Scintillator detector response modeling has become an essential tool in various research fields such as particle and nuclear physics, astronomy or geophysics. Yet, due to the system complexity and the requirement for accurate electron response measurements, model inference and calibration remains a challenge. Here, we propose Compton edge probing to perform non-proportional scintillation model (NPSM) inference for inorganic scintillators. We use laboratory-based gamma-ray radiation measurements with a NaI(Tl) scintillator to perform Bayesian inference on a NPSM. Further, we apply machine learning to emulate the detector response obtained by Monte Carlo simulations. We show that the proposed methodology successfully constrains the NPSM and hereby quantifies the intrinsic resolution. Moreover, using the trained emulators, we can predict the spectral Compton edge dynamics as a function of the parameterized scintillation mechanisms.

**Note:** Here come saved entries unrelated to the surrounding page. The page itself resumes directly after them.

(* In the setting of the context, suppose $\delta_1\ge\delta_2\ge\cdots\ge\delta_s$. Then every vector of $C^\perp\setminus C$ has weight at least $\min_{1\le j\le s}\delta_jn_2(k_j+1)$. Consequently the relative minimum distance $\delta$ of the generalized concatenated quantum code $Q$ (of length $n_1n_2$ and rate $R=r-\frac{2r}{s}\sum_{j=1}^s r'_j$, where $r=sm/n_2$ and $r'_j=k_j/n_1$) satisfies \[ \delta\ge\min_{1\le j\le s}\delta_j r'_j . \]
   Context: $\mathbb{F}_4=\{0,1,\omega,\omega^2\}$, $\omega^2=\omega+1$, $\bar x=x^2$; trace inner product $\langle u,v\rangle=\sum_i(u_i\bar v_i+\bar u_iv_i)\in\mathbb{F}_2$; additive codes are $\mathbb{F}_2$-subspaces, $C^\perp$ is the trace dual, self-orthogonal means $C\subseteq C^\perp$; weight = number of nonzero coordinates; a stabilizer code $[[N,K,D]]$ is given by a self-orthogonal $C$ with $|C|=2^{N-K}$ such that all vectors of $C^\perp\setminus C$ have weight $\ge D$. Outer codes: let $s\ge2$, $m\ge2$, $n_1=2^m-1$, and integers $1\le k_i\le 2^{m-1}-1$ ($1\le i\le s$). For each $i$, let $B_i\subseteq B_i^\perp\subseteq\mathbb{F}_4^{mn_1}$ be the quantum Reed–Solomon pair $B_i=\omega\mathcal B(C^{(i)}_{\rm RS})+\bar\omega\mathcal B(C^{(i)}_{\rm RS})$, $B_i^\perp=\omega\mathcal B(C^{(i)\perp}_{\rm RS})+\bar\omega\mathcal B(C^{(i)\perp}_{\rm RS})$, where $C^{(i)}_{\rm RS}$ is the cyclic Reed–Solomon code of length $n_1$ over $\mathbb{F}_{2^m}$ with generator polynomial $\prod_{l=0}^{n_1-k_i-1}(x-\alpha^l)$ ($\alpha$ primitive), $C^{(i)\perp}_{\rm RS}$ its dual (minimum distance $k_i+1$), and $\mathcal B(\cdot)$ is binary expansion w.r.t. a fixed self-dual basis of $\mathbb{F}_{2^m}/\mathbb{F}_2$. Vectors of $\mathbb{F}_4^{mn_1}$ are written as $(b_1,\dots,b_{n_1})$ with $b_l\in\mathbb{F}_4^m$ (one block per Reed–Solomon position). Let $B=B_1\oplus\cdots\oplus B_s$ and $B^\perp=B_1^\perp\oplus\cdots\oplus B_s^\perp$; an element $b=(\mathbf b_1,\dots,\mathbf b_s)$ with $\mathbf b_i=(b_{i,1},\dots,b_{i,n_1})$ is viewed as an $s\times n_1$ array over $\mathbb{F}_4^m$ with columns $c_l=(b_{1,l},\dots,b_{s,l})\in\mathbb{F}_4^{sm}$. Inner codes: $n_2\ge sm$, and self-orthogonal additive codes $C_s\subseteq C_{s-1}\subseteq\cdots\subseteq C_1\subseteq\mathbb{F}_4^{n_2}$ with $|C_j|=2^{n_2-jm}$, such that every vector of $C_j^\perp\setminus C_j$ has weight at least $\delta_jn_2$ (so $C_j$ defines an $[[n_2,jm,\delta_jn_2]]$ code $Q_2^{(j)}$). Let $g_i,h_i\in C_s^\perp$ ($1\le i\le sm$) satisfy $\langle g_i,h_l\rangle=\delta_{il}$, $\langle g_i,g_l\rangle=\langle h_i,h_l\rangle=0$, and for every $j$, $C_j^\perp=C_j+\mathrm{span}_{\mathbb{F}_2}\{g_i,h_i:1\le i\le jm\}$. Let $e_1,\dots,e_{sm}$ be the standard basis of $\mathbb{F}_4^{sm}$ and define the $\mathbb{F}_2$-linear map $\rho:\mathbb{F}_4^{sm}\to C_s^\perp/C_s$ by $\rho(\omega e_i)=g_i+C_s$, $\rho(\bar\omega e_i)=h_i+C_s$. The code: $C^\perp=\{(w_1,\dots,w_{n_1})\in(\mathbb{F}_4^{n_2})^{n_1}:\exists b\in B^\perp,\ w_l\in\rho(c_l)\ \forall l\}$ and $C$ is defined the same way with $b\in B$; $C\subseteq C^\perp$, $C^\perp$ is the trace dual of $C$, and $Q$ denotes the stabilizer code defined by $C$. *)

theory Defs
  imports "HOL-Analysis.Analysis" "HOL-Computational_Algebra.Polynomial"
begin
(* Under the hypotheses of the construction below, if in addition $p>3$, then $\{M^sT^t\mathbf{1}_D\}_{s,t\in\mathbb{Z}/d\mathbb{Z}}$ is an $(a,c_1,c_2)$-projective $2$-design for $\mathbb{F}_{q^2}^d$ with $a=2$, $c_1=2d$ and $c_2=6$. Construction: $p$ prime, $k\ge1$, $r$ a prime power with $p\mid r-1$ and $r^2+r+1\mid p^k+1$; $q=p^k$, $d=r^2+r+1$; $D\subseteq\mathbb{Z}/d\mathbb{Z}$ is the Singer difference set; $\alpha$ is a primitive element of $\mathbb{F}_{q^2}^\times$, $\omega=\alpha^{(q^2-1)/d}$; $(Tf)(x)=f(x-1)$, $(Mf)(x)=\omega^xf(x)$ for $f:\mathbb{Z}/d\mathbb{Z}\to\mathbb{F}_{q^2}$.
   Context: Vectors in $\mathbb{F}_{q^2}^d$ are identified with functions $\mathbb{Z}/d\mathbb{Z}\to\mathbb{F}_{q^2}$; $\mathbf{1}_D$ is the indicator of $D$. The Singer difference set is a cyclic difference set with parameters $(r^2+r+1,r+1,1)$: $|D|=r+1$ and every nonzero element of $\mathbb{Z}/d\mathbb{Z}$ is uniquely $x-y$ with $x,y\in D$. For $a\in\mathbb{F}_{q^2}$, $\overline{a}=a^q$; $A^*$ is conjugate transpose; $\langle x,y\rangle=x^*y$ on $\mathbb{F}_{q^2}^d$ and analogously on $(\mathbb{F}_{q^2}^d)^{\otimes2}$. For a nondegenerate subspace $V$ ($V\cap V^\perp=\{0\}$), $\{y_j\}$ in $V$ is a $c$-tight frame for $V$ if it spans $V$ and $\sum_j\langle y_j,y\rangle y_j=cy$ for all $y\in V$. $(\mathbb{F}_{q^2}^d)^{\otimes2}_{\mathrm{sym}}=\{\sum_{i,j}c_{ij}e_i\otimes e_j:c_{ij}=c_{ji}\}$ (nondegenerate for $q$ odd). A family $\{x_k\}$ in $\mathbb{F}_{q^2}^d$ is an $(a,c_1,c_2)$-projective $2$-design if $\langle x_k,x_k\rangle=a$ for all $k$, $\{x_k\}$ is a $c_1$-tight frame for $\mathbb{F}_{q^2}^d$, and $\{x_k\otimes x_k\}$ is a $c_2$-tight frame for $(\mathbb{F}_{q^2}^d)^{\otimes2}_{\mathrm{sym}}$. Integer parameters are read in $\mathbb{F}_q$. *)

theory Defs
  imports "HOL-Computational_Algebra.Primes"
begin

definition cnj :: "nat \<Rightarrow> 'a::field \<Rightarrow> 'a" where
  "cnj q a = a ^ q"

text \<open>Hermitian form on vectors indexed by a finite coordinate set I
  (vectors vanish outside I): <x,y> = x^* y.\<close>
definition herm :: "nat \<Rightarrow> 'i set \<Rightarrow> ('i \<Rightarrow> 'a::field) \<Rightarrow> ('i \<Rightarrow> 'a) \<Rightarrow> 'a" where
  "herm q I x y = (\<Sum>i\<in>I. cnj q (x i) * y i)"

definition vecs :: "'i set \<Rightarrow> ('i \<Rightarrow> 'a::field) set" where
  "vecs I = {f. \<forall>i. i \<notin> I \<longrightarrow> f i = 0}"
(* Both the value and the upper value of an expansion are sums over the padded
   function, since the padding terms (i - 1 choose i + r) vanish. *)
lemma padded_binom_sum:
  assumes Ld: "length xs \<le> d"
  shows "(\<Sum>k<length xs. xs ! k choose (d - k + r)) = binom_sum r (padded_coeff d xs) d"
proof -
  let ?F = "\<lambda>i. padded_coeff d xs i choose (i + r)"
  have "(\<Sum>k<length xs. xs ! k choose (d - k + r)) = (\<Sum>k<length xs. ?F (d - k))"
    using padded_coeff_nth[OF _ Ld] Ld by (intro sum.cong) auto
  also have "\<dots> = (\<Sum>i\<in>{d + 1 - length xs..d}. ?F i)"
    by (rule sum.reindex_bij_witness[where i="\<lambda>i. d - i" and j="\<lambda>k. d - k"]) (use Ld in auto)
  also have "\<dots> = (\<Sum>i=1..d. ?F i)"
    by (rule sum.mono_neutral_left) (use Ld in \<open>auto simp: padded_coeff_def\<close>)
  finally show ?thesis unfolding binom_sum_def .
qed

lemma macaulay_rep_value:
  assumes "macaulay_rep d a xs"
  shows "a = binom_sum 0 (padded_coeff d xs) d"
  using assms padded_binom_sum[of xs d 0] unfolding macaulay_rep_def by simp

(* The padded function determines the expansion: it determines the lowest index and
   then every entry. *)
lemma padded_coeff_inj:
  assumes rx: "macaulay_rep d a xs" and ry: "macaulay_rep d a' ys"
    and agree: "\<forall>i\<in>{1..d}. padded_coeff d xs i = padded_coeff d ys i"
  shows "xs = ys"
proof -
  note sx = macaulay_rep_seq[OF rx] and sy = macaulay_rep_seq[OF ry]
  have lows: "1 \<le> macaulay_low d zs \<and> macaulay_low d zs \<le> d" if "macaulay_rep d e zs" for e zs
    using macaulay_rep_seq[OF that] unfolding macaulay_seq_def by simp
  have "macaulay_low d xs \<le> i \<longleftrightarrow> macaulay_low d ys \<le> i" if "1 \<le> i" "i \<le> d" for i
    using macaulay_seq_above_iff[OF sx that] macaulay_seq_above_iff[OF sy that] agree that by simp
  then have "macaulay_low d xs = macaulay_low d ys"
    using lows[OF rx] lows[OF ry] by (meson le_antisym order_refl)
  moreover have "length xs \<le> d" "length ys \<le> d" "xs \<noteq> []" "ys \<noteq> []"
    using rx ry unfolding macaulay_rep_def by auto
  ultimately have L: "length xs = length ys" unfolding macaulay_low_def by simp
  show ?thesis
  proof (rule nth_equalityI[OF L])
    fix k assume k: "k < length xs"
    then have "padded_coeff d xs (d - k) = padded_coeff d ys (d - k)"
      using agree \<open>length xs \<le> d\<close> by auto
    then show "xs ! k = ys ! k"
      using padded_coeff_nth k L \<open>length xs \<le> d\<close> \<open>length ys \<le> d\<close> by simp
  qed
qed

lemma macaulay_rep_compare:
  assumes rx: "macaulay_rep d a xs" and ry: "macaulay_rep d a' ys"
    and le: "a \<le> a'" and ne: "xs \<noteq> ys"
  shows "a < a'"
    and "binom_sum 1 (padded_coeff d xs) d = binom_sum 1 (padded_coeff d ys) d \<longleftrightarrow>
         2 \<le> macaulay_low d xs \<and> a' - a \<le> macaulay_low d xs - 1"
proof -
  let ?G = "padded_coeff d xs" and ?H = "padded_coeff d ys"
  note sx = macaulay_rep_seq[OF rx] and sy = macaulay_rep_seq[OF ry]
  have "\<exists>i\<in>{1..d}. ?G i \<noteq> ?H i" using padded_coeff_inj[OF rx ry] ne by blast
  then obtain t where t: "1 \<le> t" "t \<le> d" "?G t \<noteq> ?H t"
    and agree: "\<And>i. t < i \<Longrightarrow> i \<le> d \<Longrightarrow> ?G i = ?H i"
    by (rule top_difference) blast+
  have "\<not> ?H t < ?G t"
    using macaulay_compare(1)[OF sy sx t(1,2)] agree le
      macaulay_rep_value[OF rx] macaulay_rep_value[OF ry] by force
  then have "?G t < ?H t" using t(3) by simp
  note cmp = macaulay_compare[OF sx sy t(1,2) this agree]
  show "a < a'"
    "binom_sum 1 ?G d = binom_sum 1 ?H d \<longleftrightarrow> 2 \<le> macaulay_low d xs \<and> a' - a \<le> macaulay_low d xs - 1"
    using cmp unfolding macaulay_rep_value[OF rx, symmetric] macaulay_rep_value[OF ry, symmetric]
    by simp_all
qed

lemma macaulay_rep_unique:
  assumes "macaulay_rep d a xs" and "macaulay_rep d a ys"
  shows "xs = ys"
  using macaulay_rep_compare(1)[OF assms] by blast

lemma macaulay_upper_eq:
  assumes r: "macaulay_rep d a xs"
  shows "macaulay_upper d a = binom_sum 1 (padded_coeff d xs) d"
proof -
  have "(THE xs. macaulay_rep d a xs) = xs"
    using r macaulay_rep_unique[OF _ r] by (rule the_equality)
  then show ?thesis
    using r padded_binom_sum[of xs d 1] unfolding macaulay_upper_def macaulay_rep_def by simp
qed

theorem mainTheorem2:
  fixes d b c :: nat and bs cs :: "nat list"
  assumes "d \<ge> 1" and "0 < b" and "b < c"
    and "macaulay_rep d b bs" and "macaulay_rep d c cs"
  shows "macaulay_upper d b = macaulay_upper d c \<longleftrightarrow>
         (macaulay_low d bs \<ge> 2 \<and> c - b \<le> macaulay_low d bs - 1)"
proof -
  have "bs \<noteq> cs" using assms(3-5) unfolding macaulay_rep_def by auto
  then show ?thesis
    using macaulay_rep_compare(2)[OF assms(4,5) _ \<open>bs \<noteq> cs\<close>] assms(3)
      macaulay_upper_eq[OF assms(4)] macaulay_upper_eq[OF assms(5)] by simp
qed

The presented framework offers a simple way to infer NPSMs for any inorganic scintillator without the need for additional electron response measurements.

Suggested Citation

  • David Breitenmoser & Francesco Cerutti & Gernot Butterweck & Malgorzata Magdalena Kasprzak & Sabine Mayer, 2023. "Emulator-based Bayesian inference on non-proportional scintillation models by compton-edge probing," Nature Communications, Nature, vol. 14(1), pages 1-12, December.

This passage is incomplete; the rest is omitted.